Prepared by: Fr. Peter John Cameron, O.P.

1. Subject Matter
• Being faithful to the grace of God that has been given to us.
• The Lamb of God and the sheep who hear and know him
• What it means to follow Christ

2. Exegetical Notes
• “…urged them to remain faithful to the grace of God…. All who were destined for eternal life
came to believe:” “Often along with the reading of Scripture in the synagogue came a homily
or brief exposition that here is called a word of encouragement…. Those who have been
ordained to eternal life believe. The word ‘ordain’ appears four times in Acts (13:48; 15:2;
22:10; 28:23). In the other contexts of Acts, it means ‘appoint’ or ‘assign’ to something. Here
is refers to God’s sovereign work over salvation, where God has assigned those who come
to eternal life.” (Darrell L. Bock)
• “They have washed their robes and made them white in the blood of the Lamb:” “The striking
paradox (made white in the blood of the Lamb) has a haunting beauty; and, as beauty, it
speaks truth. It expresses God’s and the Lamb’s definition of victory: they have won by
suffering death, not be inflicting hurt.” (Wilfrid J. Harrington, O.P.)
• “My sheep hear my voice; I know them…. I give them eternal life, and they shall never
perish:” “Jesus’ ‘sheep’ listen to his voice; he knows them, and they follow him (10:3, 4, 8, 14,
16). Jesus gives them (present tense) eternal life (cf. 10:10), and they will never, ever perish
(emphatic negative). Together with the repeated assertion that no one can snatch his sheep
out of his (or the Father’s) hands, this conveys the image of utter security on the part of
Jesus’ followers.” (Andreas J. Kostenberger)
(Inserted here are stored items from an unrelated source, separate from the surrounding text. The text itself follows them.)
lemma in_square_partition_gamma_I:
  assumes I: "I \<subseteq> comps"
  shows "in_square_partition n (gamma_I \<alpha> \<beta> I)"
proof (rule in_square_partitionI)
  show "gamma_I \<alpha> \<beta> I \<subseteq> {1..n} \<times> {1..n}"
    using gamma_I_subset_\<beta>[OF I] partition_\<beta> by (auto simp: in_square_partition_def)
next
  fix r c
  assume x: "(r, Suc c) \<in> gamma_I \<alpha> \<beta> I" and "0 < c"
  with gamma_I_subset_\<beta>[OF I] have x\<beta>: "(r, Suc c) \<in> \<beta>" by blast
  have "(r, c) \<in> \<beta>"
    by (rule in_square_partition_downward[OF partition_\<beta> x\<beta>])
      (use in_square_partition_pos[OF partition_\<beta> x\<beta>] \<open>0 < c\<close> in auto)
  with x show "(r, c) \<in> gamma_I \<alpha> \<beta> I"
    by (rule gamma_I_closed_adjacent_below[OF I]) (auto simp: box_adj_def)
next
  fix r c
  assume x: "(Suc r, c) \<in> gamma_I \<alpha> \<beta> I" and "0 < r"
  with gamma_I_subset_\<beta>[OF I] have x\<beta>: "(Suc r, c) \<in> \<beta>" by blast
  have "(r, c) \<in> \<beta>"
    by (rule in_square_partition_downward[OF partition_\<beta> x\<beta>])
      (use in_square_partition_pos[OF partition_\<beta> x\<beta>] \<open>0 < r\<close> in auto)
  with x show "(r, c) \<in> gamma_I \<alpha> \<beta> I"
    by (rule gamma_I_closed_adjacent_below[OF I]) (auto simp: box_adj_def)
qed

lemma pi_map_gamma_I:
  assumes I: "I \<subseteq> comps"
  shows "pi_map (gamma_I \<alpha> \<beta> I) = (\<alpha>, \<beta>)"
proof -
  let ?\<gamma> = "gamma_I \<alpha> \<beta> I"
  have "(r, c) \<in> ?\<gamma> \<inter> transp_boxes ?\<gamma> \<longleftrightarrow> (r, c) \<in> \<alpha>" for r c
    using mem_gamma_I[OF I, of r c] mem_gamma_I[OF I, of c r] \<alpha>_swap[of r c] by auto
  moreover have "(r, c) \<in> ?\<gamma> \<union> transp_boxes ?\<gamma> \<longleftrightarrow> (r, c) \<in> \<beta>" for r c
    using mem_gamma_I[OF I, of r c] mem_gamma_I[OF I, of c r] \<alpha>_swap[of r c] \<beta>_swap[of r c]
      \<alpha>_subset_\<beta> diagonal_\<beta>[of r] by (cases "r < c") auto
  ultimately show ?thesis
    unfolding pi_map_def by (auto simp del: mem_transp_boxes)
qed

lemma gamma_I_in_fiber: "I \<subseteq> comps \<Longrightarrow> gamma_I \<alpha> \<beta> I \<in> fiber n \<alpha> \<beta>"
  by (simp add: fiber_def in_square_partition_gamma_I pi_map_gamma_I)

definition chosen_components :: "box set \<Rightarrow> box set set" where
  "chosen_components \<gamma> = {S \<in> comps. S \<subseteq> \<gamma>}"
3. References to the Catechism of the Catholic Church


• 2340 Whoever wants to remain faithful to his baptismal promises and resist temptations will
want to adopt the means for doing so: self-knowledge, practice of an ascesis adapted to the
situations that confront him, obedience to God's commandments, exercise of the moral
virtues, and fidelity to prayer.
• 2642 The prophets and the saints, all those who were slain on earth for their witness to
Jesus, the vast throng of those who, having come through the great tribulation, have gone
before us into the Kingdom, all sing the praise and glory of him who sits on the throne, and of
the Lamb. In communion with them, the Church on earth also sings these songs with faith in
the midst of trial. By means of petition and intercession, faith hopes against all hope and
gives thanks to the "Father of lights," from whom "every perfect gift" comes down. Thus faith
is pure praise.
• 1137 The book of Revelation of St. John, read in the Church's liturgy, first reveals to us, "A
throne stood in heaven, with one seated on the throne": "the Lord God." It then shows the
Lamb, "standing, as though it had been slain": Christ crucified and risen, the one high priest
of the true sanctuary, the same one "who offers and is offered, who gives and is given."
Finally it presents "the river of the water of life . . . flowing from the throne of God and of the
Lamb," one of most beautiful symbols of the Holy Spirit.
• 754 "The Church is, accordingly, a sheepfold, the sole and necessary gateway to which is
Christ. It is also the flock of which God himself foretold that he would be the shepherd, and
whose sheep, even though governed by human shepherds, are unfailingly nourished and led
by Christ himself, the Good Shepherd and Prince of Shepherds, who gave his life for his
sheep.
• 764 "This Kingdom shines out before men in the word, in the works and in the presence of
Christ." To welcome Jesus' word is to welcome "the Kingdom itself." The seed and beginning
of the Kingdom are the "little flock" of those whom Jesus came to gather around him, the
flock whose shepherd he is. They form Jesus' true family. To those whom he thus gathered
around him, he taught a new "way of acting" and a prayer of their own.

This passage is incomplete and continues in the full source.